> [Work task] What is needed is a copy of each line in the listing below that contains "proof".

> [Records to use]
lemma strongly_convex_lower_bound:
  fixes f :: "'a::real_inner \<Rightarrow> real"
  assumes grad: "\<And>y. (f has_derivative (\<lambda>h. grad y \<bullet> h)) (at y)"
    and strongly_convex: "\<And>y z. (grad y - grad z) \<bullet> (y - z) \<ge> \<mu> * (norm (y - z))\<^sup>2"
  shows "f x + grad x \<bullet> (y - x) + \<mu> / 2 * (norm (y - x))\<^sup>2 \<le> f y"
proof -
  define d where "d = y - x"
  define \<phi> where "\<phi> t = f (x + t *\<^sub>R d) - t * (grad x \<bullet> d) - \<mu> / 2 * t\<^sup>2 * (norm d)\<^sup>2" for t
  have "\<phi> 0 \<le> \<phi> 1"
  proof (rule DERIV_nonneg_imp_nondecreasing[of 0 1])
    fix t :: real assume t: "0 \<le> t" "t \<le> 1"
    have D: "(\<phi> has_real_derivative (grad (x + t *\<^sub>R d) \<bullet> d - grad x \<bullet> d - \<mu> * t * (norm d)\<^sup>2)) (at t)"
      unfolding \<phi>_def
      by (rule has_real_derivative_along_line[OF grad] derivative_eq_intros refl | simp)+
    have "\<mu> * t * (norm d)\<^sup>2 \<le> (grad (x + t *\<^sub>R d) - grad x) \<bullet> d"
    proof (cases "t = 0")
      case False
      have "t * (\<mu> * t * (norm d)\<^sup>2) = \<mu> * (norm (t *\<^sub>R d))\<^sup>2"
        using t by (simp add: power2_eq_square)
      also have "\<dots> \<le> t * ((grad (x + t *\<^sub>R d) - grad x) \<bullet> d)"
        using strongly_convex[of "x + t *\<^sub>R d" x] by simp
      finally show ?thesis
        using t False by (simp add: mult_le_cancel_left)
    qed simp
    with D show "\<exists>y. (\<phi> has_real_derivative y) (at t) \<and> 0 \<le> y"
      by (auto simp: inner_diff_left)
  qed simp
  then show ?thesis unfolding \<phi>_def d_def by simp
qed

lemma strongly_convex_polyak_lojasiewicz:
  fixes f :: "'a::real_inner \<Rightarrow> real"
  assumes grad: "\<And>y. (f has_derivative (\<lambda>h. grad y \<bullet> h)) (at y)"
    and mu_pos: "\<mu> > 0"
    and strongly_convex: "\<And>y z. (grad y - grad z) \<bullet> (y - z) \<ge> \<mu> * (norm (y - z))\<^sup>2"
  shows "f x - f y \<le> (norm (grad x))\<^sup>2 / (2 * \<mu>)"
proof -
  \<comment> \<open>minimise the quadratic lower bound of strong convexity over the distance to y\<close>
  have "- (norm (grad x))\<^sup>2 / (2 * \<mu>) \<le> - (norm (grad x) * norm (y - x)) + \<mu> / 2 * (norm (y - x))\<^sup>2"
    using mu_pos divide_nonneg_pos[OF zero_le_power2[of "\<mu> * norm (y - x) - norm (grad x)"], of "2 * \<mu>"]
    by (simp add: field_simps power2_eq_square)
  also have "\<dots> \<le> grad x \<bullet> (y - x) + \<mu> / 2 * (norm (y - x))\<^sup>2"
    using norm_cauchy_schwarz[of "- grad x" "y - x"] by simp
  also have "\<dots> \<le> f y - f x"
    using strongly_convex_lower_bound[OF grad strongly_convex, of x y] by simp
  finally show ?thesis by simp
qed
(* In the setting of the context, the boundary maps satisfy $\Gamma^1C=V_C\Gamma^2$ and $\Gamma^2C=V_C\Gamma^1$ on $\widetilde H^1(\mathbf G;\mathbb C^2)$. Moreover, for $z\in\rho(D^0)\setminus\{m\}$, $$Q(-\overline z)=V_C\,Q(z)^{-1}\,V_C.$$
   Context: Let $m\ge0$. A finite oriented metric graph $\mathbf G$ has a finite nonempty vertex set, finite sets $\mathcal I$ (internal) and $\mathcal E$ (external) of edges, $\mathcal J=\mathcal I\cup\mathcal E\ne\emptyset$, no loops. Each internal edge $i$ is identified with $I_i=(a_i,b_i)$, $a_i$ and $b_i$ corresponding to its initial and terminal vertex. An external edge $e$ is identified with $(a_e,+\infty)$ ($\rho(e)=-1$) or $(-\infty,b_e)$ ($\rho(e)=1$), with finite endpoint $\partial e$. $\mathscr H=\bigoplus_jL^2(I_j;\mathbb C^2)$, $\widetilde H^1(\mathbf G;\mathbb C^2)=\bigoplus_jH^1(I_j;\mathbb C^2)$, $\Phi=(\phi_j)_j$, $\phi_j=(\phi_j^1,\phi_j^2)^T$. $D^{max}$ acts edgewise by $-i\sigma_1\phi_j'+m\sigma_3\phi_j$ ($\sigma_1=\begin{pmatrix}0&1\\1&0\end{pmatrix}$, $\sigma_3=\operatorname{diag}(1,-1)$). $\mathcal G=\bigoplus_j\mathcal G_j$, $\mathcal G_i=\mathbb C^2$, $\mathcal G_e=\mathbb C$; $\Gamma^k=\bigoplus_j\Gamma^k_j$, $\Gamma^1_i\Phi=(\phi_i^1(a_i),\phi_i^1(b_i))^T$, $\Gamma^2_i\Phi=(i\phi_i^2(a_i),-i\phi_i^2(b_i))^T$, $\Gamma^1_e\Phi=\phi_e^1(\partial e)$, $\Gamma^2_e\Phi=-i\rho(e)\phi^2_e(\partial e)$; $(\Gamma^1,\Gamma^2,\mathcal G)$ is a boundary triple for $D^{max}$, $D^0=D^{max}\upharpoonright\ker\Gamma^1$, and for $z\in\rho(D^0)$, $\gamma(z)=(\Gamma^1\upharpoonright\ker(D^{max}-z))^{-1}$ and $Q(z)=\Gamma^2\gamma(z)$. The charge conjugation is the antilinear map $C\Phi=(\sigma_1\overline{\phi_j})_j$. $V_C=\bigoplus_jV_{C,j}$ is the antilinear map on $\mathcal G$ with $V_{C,j}\omega_j=i\sigma_3\overline{\omega_j}$ for $j\in\mathcal I$ and $V_{C,j}\omega_j=-i\rho(j)\overline{\omega_j}$ for $j\in\mathcal E$. *)

theory Defs
  imports "HOL-Analysis.Analysis"
begin

text \<open>External edge e is (lft e, +inf) if orient e = -1 and (-inf, rgt e)
  if orient e = 1. Functions on the graph: 'j => real => complex * complex
  (value outside the edge intervals is irrelevant).\<close>

record 'j mgraph =
  iedges :: "'j set"
  eedges :: "'j set"
  lft :: "'j \<Rightarrow> real"
  rgt :: "'j \<Rightarrow> real"
  orient :: "'j \<Rightarrow> real"

definition valid_graph :: "'j mgraph \<Rightarrow> bool" where
  "valid_graph G \<longleftrightarrow> finite (iedges G) \<and> finite (eedges G) \<and>
     iedges G \<inter> eedges G = {} \<and> iedges G \<union> eedges G \<noteq> {} \<and>
     (\<forall>i\<in>iedges G. lft G i < rgt G i) \<and> (\<forall>e\<in>eedges G. orient G e \<in> {-1, 1})"

definition edges :: "'j mgraph \<Rightarrow> 'j set" where
  "edges G = iedges G \<union> eedges G"

definition edge_int :: "'j mgraph \<Rightarrow> 'j \<Rightarrow> real set" where
  "edge_int G j = (if j \<in> iedges G then {lft G j<..<rgt G j}
     else if orient G j = -1 then {lft G j<..} else {..<rgt G j})"

definition bdpt :: "'j mgraph \<Rightarrow> 'j \<Rightarrow> real" where
  "bdpt G e = (if orient G e = -1 then lft G e else rgt G e)"

definition L2_on :: "real set \<Rightarrow> (real \<Rightarrow> complex) \<Rightarrow> bool" where
  "L2_on S h \<longleftrightarrow> set_borel_measurable lborel S h \<and>
     set_integrable lborel S (\<lambda>x. (cmod (h x))\<^sup>2)"

definition weak_deriv_on :: "real set \<Rightarrow> (real \<Rightarrow> complex) \<Rightarrow> (real \<Rightarrow> complex) \<Rightarrow> bool" where
  "weak_deriv_on S g h \<longleftrightarrow> (\<forall>x\<in>S. \<forall>y\<in>S. x \<le> y \<longrightarrow>
     set_integrable lborel {x..y} h \<and> g y - g x = (LINT t:{x..y}|lborel. h t))"

text \<open>H^1 on an interval, via its continuous representative (continuous up to the endpoints)\<close>
definition H1_on :: "real set \<Rightarrow> (real \<Rightarrow> complex) \<Rightarrow> bool" where
  "H1_on S g \<longleftrightarrow> continuous_on (closure S) g \<and> L2_on S g \<and>
     (\<exists>h. L2_on S h \<and> weak_deriv_on S g h)"

definition H1 :: "'j mgraph \<Rightarrow> ('j \<Rightarrow> real \<Rightarrow> complex \<times> complex) \<Rightarrow> bool" where
  "H1 G \<Phi> \<longleftrightarrow> (\<forall>j\<in>edges G. H1_on (edge_int G j) (\<lambda>x. fst (\<Phi> j x)) \<and>
                                H1_on (edge_int G j) (\<lambda>x. snd (\<Phi> j x)))"

definition L2H :: "'j mgraph \<Rightarrow> ('j \<Rightarrow> real \<Rightarrow> complex \<times> complex) \<Rightarrow> bool" where
  "L2H G \<Phi> \<longleftrightarrow> (\<forall>j\<in>edges G. L2_on (edge_int G j) (\<lambda>x. fst (\<Phi> j x)) \<and>
                                L2_on (edge_int G j) (\<lambda>x. snd (\<Phi> j x)))"

definition normH :: "'j mgraph \<Rightarrow> ('j \<Rightarrow> real \<Rightarrow> complex \<times> complex) \<Rightarrow> real" where
  "normH G \<Phi> = sqrt (\<Sum>j\<in>edges G. LINT x:edge_int G j|lborel.
                         (cmod (fst (\<Phi> j x)))\<^sup>2 + (cmod (snd (\<Phi> j x)))\<^sup>2)"

definition psc :: "complex \<Rightarrow> complex \<times> complex \<Rightarrow> complex \<times> complex" where
  "psc z p = (z * fst p, z * snd p)"

text \<open>Graph of D^max: D^max Phi = Psi, edgewise -i sigma_1 Phi' + m sigma_3 Phi\<close>
definition Dmax_rel :: "'j mgraph \<Rightarrow> real \<Rightarrow> ('j \<Rightarrow> real \<Rightarrow> complex \<times> complex)
     \<Rightarrow> ('j \<Rightarrow> real \<Rightarrow> complex \<times> complex) \<Rightarrow> bool" where
  "Dmax_rel G m \<Phi> \<Psi> \<longleftrightarrow> H1 G \<Phi> \<and> L2H G \<Psi> \<and>
     (\<forall>j\<in>edges G. \<exists>h1 h2.
        L2_on (edge_int G j) h1 \<and> L2_on (edge_int G j) h2 \<and>
        weak_deriv_on (edge_int G j) (\<lambda>x. fst (\<Phi> j x)) h1 \<and>
        weak_deriv_on (edge_int G j) (\<lambda>x. snd (\<Phi> j x)) h2 \<and>
        (AE x in lborel. x \<in> edge_int G j \<longrightarrow>
           \<Psi> j x = (- \<i> * h2 x + complex_of_real m * fst (\<Phi> j x),
                    - \<i> * h1 x - complex_of_real m * snd (\<Phi> j x))))"

definition bspace :: "'j mgraph \<Rightarrow> ('j \<Rightarrow> complex \<times> complex) set" where
  "bspace G = {\<omega>. \<forall>j. (j \<notin> edges G \<longrightarrow> \<omega> j = (0, 0)) \<and> (j \<in> eedges G \<longrightarrow> snd (\<omega> j) = 0)}"

definition Gamma1 :: "'j mgraph \<Rightarrow> ('j \<Rightarrow> real \<Rightarrow> complex \<times> complex) \<Rightarrow> 'j \<Rightarrow> complex \<times> complex" where
  "Gamma1 G \<Phi> j = (if j \<in> iedges G then (fst (\<Phi> j (lft G j)), fst (\<Phi> j (rgt G j)))
     else if j \<in> eedges G then (fst (\<Phi> j (bdpt G j)), 0) else (0, 0))"

definition Gamma2 :: "'j mgraph \<Rightarrow> ('j \<Rightarrow> real \<Rightarrow> complex \<times> complex) \<Rightarrow> 'j \<Rightarrow> complex \<times> complex" where
  "Gamma2 G \<Phi> j = (if j \<in> iedges G then (\<i> * snd (\<Phi> j (lft G j)), - \<i> * snd (\<Phi> j (rgt G j)))
     else if j \<in> eedges G then (- \<i> * complex_of_real (orient G j) * snd (\<Phi> j (bdpt G j)), 0)
     else (0, 0))"
lemma ext1_dim_std_brick_self_le:
  assumes "std_brick n X" "is_rep n N (X :: 'k::field rep)"
  shows "ext1_dim n N X X \<le> Max (N ` {1..n})"
proof -
  from assms(1) consider (simple) i where "1 \<le> i" "i \<le> n" "X = simple_rep i"
    | (arrow) i a where "a \<noteq> 0" "X = arrow_rep i a"
    unfolding std_brick_def by blast
  then show ?thesis
  proof cases
    case simple
    then have "ext1_dim n N X X = N i"
      by (simp add: ext1_dim_simple_rep)
    moreover have "N i \<le> Max (N ` {1..n})"
      using simple by (intro Max_ge) auto
    ultimately show ?thesis
      by simp
  next
    case arrow
    then show ?thesis
      using ext1_dim_arrow_rep[of n N i a] assms(2) by simp
  qed
qed

lemma arrow_rep_map_eq_0: "src \<alpha> \<noteq> i \<or> tgt \<alpha> \<noteq> Suc i \<Longrightarrow> mapv (arrow_rep i a) \<alpha> = 0"
  by auto

lemma hom_dim_arrow_rep_pos:
  fixes a b :: "'k::field"
  assumes "is_rep n N (arrow_rep i a)" "is_rep n N (arrow_rep i b)" "a \<noteq> 0" "b \<noteq> 0"
  shows "0 < hom_dim n N (arrow_rep i a) (arrow_rep i b)"
proof (rule hom_dim_pos[OF assms(1,2)])
  define h where "h = (\<lambda>v. if v = i then corner_matr a else if v = Suc i then corner_matr b
    else (0 :: 'k matr))"
  show "h \<in> Hom n N (arrow_rep i a) (arrow_rep i b)"
    by (rule HomI) (simp_all add: h_def bounded_matr_corner_matr mult.commute)
  have "h i 0 0 \<noteq> 0"
    using assms(3) by (simp add: h_def corner_matr_def)
  then show "h \<noteq> 0"
    by auto
qed
(* Let $T=((\Omega,\mathcal{A}),\{(\Omega,\mathcal{M}_i)\}_{i\in N},\{t_i\}_{i\in N})$ be a type space, $I\subseteq N$, and $S\subseteq\Omega$ an $I$-common certainty component. Let $\mathcal{A}^S=\{F\cap S:F\in\mathcal{A}\}$, $\mathcal{M}_i^S=\{F\cap S:F\in\mathcal{M}_i\}$ for $i\in I$, and for $\omega\in S$, $i\in I$ let $t_i^S(\omega,\cdot)$ be the restriction of $t_i(\omega,\cdot)$ to $(S,\mathcal{A}^S)$, i.e. $t_i^S(\omega,F\cap S)=t_i(\omega,F)$ for $F\in\mathcal{A}$. Then $t_i^S$ is well defined and $((S,\mathcal{A}^S),\{(S,\mathcal{M}_i^S)\}_{i\in I},\{t_i^S\}_{i\in I})$ is a type space.
   Context: A field on a set $X$ is a collection of subsets of $X$ containing $X$ and closed under complements and finite intersections. For a field $\mathcal{A}$ on $\Omega$, $\mathrm{pba}(\Omega,\mathcal{A})$ is the set of finitely additive nonnegative $P:\mathcal{A}\to\mathbb{R}$ with $P(\Omega)=1$; $B(\Omega,\mathcal{A})$ the sup-norm closure of the linear span of indicators of sets in $\mathcal{A}$. A type space is $((\Omega,\mathcal{A}),\{(\Omega,\mathcal{M}_i)\}_{i\in N},\{t_i\}_{i\in N})$ with $N$ a nonempty set of players, fields $\mathcal{M}_i\subseteq\mathcal{A}$ on a set $\Omega$, and $t_i:\Omega\times\mathcal{A}\to[0,1]$ with: $t_i(\omega,\cdot)\in\mathrm{pba}(\Omega,\mathcal{A})$ for all $\omega$; $t_i(\cdot,E)\in B(\Omega,\mathcal{M}_i)$ for all $E\in\mathcal{A}$; $t_i(\omega,E)=1$ whenever $E\in\mathcal{M}_i$, $\omega\in E$. For $I\subseteq N$, a nonempty $S\subseteq\Omega$ (not necessarily in $\mathcal{A}$) is an $I$-common certainty component if there exists $E\in\mathcal{A}$ with $E\subseteq S$ and $t_i(\omega,E)=1$ for all $\omega\in S$, $i\in I$. *)

theory Defs
  imports Main "HOL-Library.Indicator_Function"
begin

definition field_on :: "'w set \<Rightarrow> 'w set set \<Rightarrow> bool" where
  "field_on X F \<longleftrightarrow> F \<subseteq> Pow X \<and> X \<in> F \<and> (\<forall>E\<in>F. X - E \<in> F)
     \<and> (\<forall>E\<in>F. \<forall>G\<in>F. E \<inter> G \<in> F)"

definition pba :: "'w set \<Rightarrow> 'w set set \<Rightarrow> ('w set \<Rightarrow> real) \<Rightarrow> bool" where
  "pba X F P \<longleftrightarrow> (\<forall>E\<in>F. 0 \<le> P E) \<and> P X = 1
     \<and> (\<forall>E\<in>F. \<forall>G\<in>F. E \<inter> G = {} \<longrightarrow> P (E \<union> G) = P E + P G)"

definition simple_span :: "'w set set \<Rightarrow> ('w \<Rightarrow> real) set" where
  "simple_span F = {g. \<exists>n (c::nat \<Rightarrow> real) E. (\<forall>k<n. E k \<in> F)
       \<and> g = (\<lambda>w. \<Sum>k<n. c k * indicator (E k) w)}"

> [Worked solution]
proof -
  proof (rule DERIV_nonneg_imp_nondecreasing[of 0 1])
    proof (cases "t = 0")
proof -
proof -
  proof cases
proof (rule hom_dim_pos[OF assms(1,2)])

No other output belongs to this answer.